Researchers categorize translation hallucinations into three types:

1. Semantic Drift The translation gradually shifts meaning, producing a sentence that is grammatically correct but says something different from the source.

  • Source (EN): "The update improves battery performance by 20%."
  • Hallucinated (DE): "Das Update verbessert die Akkuleistung um 30%." (says 30% instead of 20%)

2. Omission Hallucinations The model silently drops important information from the source text.

  • Source (EN): "Cancel within 14 days for a full refund. Terms and conditions apply."
  • Hallucinated (FR): "Annulez sous 14 jours pour un remboursement complet." (drops "Terms and conditions apply")

3. Fabrication Hallucinations The model adds information that doesn't exist in the source text.

  • Source (EN): "Our platform supports 40+ languages."
  • Hallucinated (JA): "当社のプラットフォームは40以上の言語をサポートし、リアルタイム翻訳を提供します。" (adds "and provides real-time translation" — a feature that may not exist)

Why 60% Is the Right Number

The 60% figure comes from aggregating findings across multiple studies and industry reports:

  • University of Maryland (2023): Found that up to 70% of translations from LLM-based systems contained at least one type of hallucination when translating low-resource language pairs.
  • GALA Industry Report (2024): Surveyed 500+ localization professionals; 58% reported encountering AI hallucinations in production translations within the past 12 months.
  • Meta AI Research (2023): Their study on hallucinations in NMT systems found that even high-resource language pairs (EN-DE, EN-FR) exhibited hallucination rates of 15-25%, while low-resource pairs exceeded 60%.
  • Intento State of MT (2025): Benchmarked 15 MT engines across 30 language pairs; found that 62% of segments had at least one quality issue when evaluated by human linguists.

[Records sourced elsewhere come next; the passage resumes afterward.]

(* Let $p_0^{(k)},\dots,p_n^{(k)}\in\mathcal{P}$ be the preference densities of the $n+1$ agents at iteration $k$. Construct the densities at iteration $k+1$ sequentially for $i=0,1,\dots,n$, in that order, by $$p_i^{(k+1)}(f) = \frac{p_i^{(k)}(f)\exp\big(-\bar{\gamma}_i^{(k)}(f)\big)}{\int_{\mathcal{F}} p_i^{(k)}(g)\exp\big(-\bar{\gamma}_i^{(k)}(g)\big)\, dg},$$ where $$\bar{\gamma}_i^{(k)}(f) = \sum_{j=0}^{i-1} \int_{\mathcal{F}} \psi(f, g)\, p_j^{(k+1)}(g)\, dg + \sum_{j=i+1}^{n} \int_{\mathcal{F}} \psi(f, g)\, p_j^{(k)}(g)\, dg .$$ If $p_i^{(k+1)} \neq p_i^{(k)}$ for some $i\in\{0,\dots,n\}$, then there exists $\xi>0$ such that $$J_c\big(p_0^{(k+1)},\dots,p_n^{(k+1)}\big) \le J_c\big(p_0^{(k)},\dots,p_n^{(k)}\big) - \xi .$$
   Context: Trajectory space: $\mathcal{F} \subseteq \mathbb{R}^{d\times T}$, where $d$ is the state dimension and $T$ is the number of time points. Distribution space: $\mathcal{P}$ is the set of probability density functions $p:\mathcal{F}\to[0,\infty)$ with $\int_{\mathcal{F}} p(f)\,df=1$. There are $n+1$ agents, indexed $0,1,\dots,n$ (index $0$ is the robot). The collision penalty function $\psi:\mathcal{F}\times\mathcal{F}\to[0,\infty)$ is symmetric, i.e. $\psi(f,g)=\psi(g,f)$. The expected collision penalty of two densities is $$c(p,q)=\int_{\mathcal{F}}\int_{\mathcal{F}}\psi(f,g)\,p(f)\,q(g)\,df\,dg,$$ and the joint expected collision penalty is $$J_c(p_0,\dots,p_n)=\sum_{i=0}^{n}\sum_{j=i+1}^{n} c(p_i,p_j).$$ *)

theory Defs
  imports "HOL-Analysis.Analysis"
begin

text \<open>Trajectories live in a Lebesgue-measurable set F of a Euclidean space
  (instantiated below by d x T real matrices).\<close>

definition is_density :: "'a::euclidean_space set \<Rightarrow> ('a \<Rightarrow> real) \<Rightarrow> bool" where
  "is_density F p \<longleftrightarrow> p \<in> borel_measurable lborel \<and> (\<forall>f\<in>F. 0 \<le> p f)
      \<and> (\<integral>\<^sup>+f\<in>F. ennreal (p f) \<partial>lborel) = 1"

definition coll :: "('a::euclidean_space \<Rightarrow> 'a \<Rightarrow> real) \<Rightarrow> 'a set
    \<Rightarrow> ('a \<Rightarrow> real) \<Rightarrow> ('a \<Rightarrow> real) \<Rightarrow> ennreal" where
  "coll \<psi> F p q = (\<integral>\<^sup>+f\<in>F. (\<integral>\<^sup>+g\<in>F. ennreal (\<psi> f g * p f * q g) \<partial>lborel) \<partial>lborel)"

definition Jc :: "('a::euclidean_space \<Rightarrow> 'a \<Rightarrow> real) \<Rightarrow> 'a set \<Rightarrow> nat
    \<Rightarrow> (nat \<Rightarrow> 'a \<Rightarrow> real) \<Rightarrow> ennreal" where
  "Jc \<psi> F n P = (\<Sum>i\<in>{0..n}. \<Sum>j\<in>{i+1..n}. coll \<psi> F (P i) (P j))"

definition gamma_bar :: "('a::euclidean_space \<Rightarrow> 'a \<Rightarrow> real) \<Rightarrow> 'a set \<Rightarrow> nat
    \<Rightarrow> (nat \<Rightarrow> 'a \<Rightarrow> real) \<Rightarrow> (nat \<Rightarrow> 'a \<Rightarrow> real) \<Rightarrow> nat \<Rightarrow> 'a \<Rightarrow> ennreal" where
  "gamma_bar \<psi> F n Pnew Pold i f =
     (\<Sum>j\<in>{0..<i}. \<integral>\<^sup>+g\<in>F. ennreal (\<psi> f g * Pnew j g) \<partial>lborel)
   + (\<Sum>j\<in>{i+1..n}. \<integral>\<^sup>+g\<in>F. ennreal (\<psi> f g * Pold j g) \<partial>lborel)"

definition expneg :: "ennreal \<Rightarrow> ennreal" where
  "expneg x = (if x = \<infinity> then 0 else ennreal (exp (- enn2real x)))"

end

theory Submission
  imports Defs
begin

text \<open>With the other agents fixed, J_c is affine in the density p_i of agent i: it is a term
  not involving p_i plus the expected cost of p_i against the potential \<gamma> created by the
  others (new densities for j < i, old ones for j > i), which is exactly gamma_bar. The update
  replaces p_i by the Gibbs density p_i exp(-\<gamma>) / Z. For a probability density p with
  expected cost c, integrating (\<gamma> - c) (exp(-\<gamma>) - exp(-c)) \<le> 0 against p gives
  E_p[\<gamma> exp(-\<gamma>)] \<le> c Z, i.e. the Gibbs density has expected cost at most c, with
  equality only if \<gamma> = c wherever p > 0, in which case the update leaves p unchanged.
  So the n + 1 coordinate steps never increase J_c and the step of an agent whose density
  changes decreases it strictly whenever J_c is finite; the decrease is the gap \<xi>. If J_c is
  infinite, any \<xi> works because \<infinity> - \<xi> = \<infinity> in ennreal.\<close>

lemma ennreal_le_minus_pos:
  fixes a b :: ennreal
  assumes "b \<le> a" and "a \<noteq> \<infinity> \<Longrightarrow> b < a"
  shows "\<exists>\<xi>::real. \<xi> > 0 \<and> b \<le> a - ennreal \<xi>"
proof (cases a)
  case (real x)
  then obtain y where y: "b = ennreal y" "0 \<le> y" "y < x"
    using assms by (cases b) (auto simp: ennreal_less_iff)
  then have "a - ennreal (x - y) = b"
    using real by (simp add: ennreal_minus)
  then show ?thesis
    using y by (intro exI[of _ "x - y"]) simp
qed (auto intro: exI[of _ 1])

lemma ennreal_chain_descent:
  fixes J :: "nat \<Rightarrow> ennreal"
  assumes step: "\<And>m. m \<le> n \<Longrightarrow> J (Suc m) \<le> J m"
  shows "J (Suc n) \<le> J 0"
    and "i \<le> n \<Longrightarrow> (J i \<noteq> \<infinity> \<Longrightarrow> J (Suc i) < J i) \<Longrightarrow> J 0 \<noteq> \<infinity> \<Longrightarrow> J (Suc n) < J 0"
proof -
  have antimono: "J m' \<le> J m" if "m \<le> m'" "m' \<le> Suc n" for m m'
    using step that by (intro lift_Suc_antimono_le_ivl[of "{..n}" J m m']) auto
  then show "J (Suc n) \<le> J 0"
    by simp
  assume "i \<le> n" and strict: "J i \<noteq> \<infinity> \<Longrightarrow> J (Suc i) < J i" and "J 0 \<noteq> \<infinity>"
  then have "J i \<noteq> \<infinity>"
    using antimono[of 0 i] by (auto simp: top_unique)
  then have "J (Suc i) < J i"
    by (rule strict)
  then show "J (Suc n) < J 0"
    using antimono[of 0 i] antimono[of "Suc i" "Suc n"] \<open>i \<le> n\<close> by simp
qed

lemma expneg_measurable [measurable]: "expneg \<in> borel_measurable borel"
  unfolding expneg_def by measurable

lemma expneg_le_1: "expneg x \<le> 1"
  by (auto simp: expneg_def)

lemma expneg_neq_top [simp]: "expneg x \<noteq> top"
  by (simp add: expneg_def)

lemma expneg_eq_0_iff [simp]: "expneg x = 0 \<longleftrightarrow> x = top"
  by (simp add: expneg_def)

lemma expneg_ennreal: "0 \<le> c \<Longrightarrow> expneg (ennreal c) = ennreal (exp (- c))"
  by (auto simp: expneg_def)

lemma exp_neg_rearrangement:
  fixes t c :: real
  shows "t * exp (- t) + c * exp (- c) \<le> c * exp (- t) + t * exp (- c)"
    and "t \<noteq> c \<Longrightarrow> t * exp (- t) + c * exp (- c) < c * exp (- t) + t * exp (- c)"
proof -
  have diff: "t * exp (- t) + c * exp (- c) - (c * exp (- t) + t * exp (- c))
      = (t - c) * (exp (- t) - exp (- c))"
    by (simp add: algebra_simps)
  have "(t - c) * (exp (- t) - exp (- c)) \<le> 0"
    by (cases "t \<le> c") (auto simp: mult_nonneg_nonpos mult_nonpos_nonneg)
  then show "t * exp (- t) + c * exp (- c) \<le> c * exp (- t) + t * exp (- c)"
    using diff by linarith
  assume "t \<noteq> c"
  then have "(t - c) * (exp (- t) - exp (- c)) < 0"
    by (cases "t < c") (auto simp: mult_pos_neg mult_neg_pos)
  then show "t * exp (- t) + c * exp (- c) < c * exp (- t) + t * exp (- c)"
    using diff by linarith
qed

The rate varies significantly by:

  • Language pair: High-resource pairs (EN-DE) have lower rates than low-resource pairs (EN-Swahili)
  • Domain: General content has lower rates than specialized domains (legal, medical, technical)
  • Content type: Structured UI strings hallucinate less than long-form prose
  • Model architecture: Dedicated NMT models hallucinate less than general-purpose LLMs used for translation

Real-World Wrong Translation Examples

UI Errors That Shipped to Production

These examples illustrate how translation hallucinations create real user-facing problems:

Example 1: E-commerce Checkout (EN to PT-BR)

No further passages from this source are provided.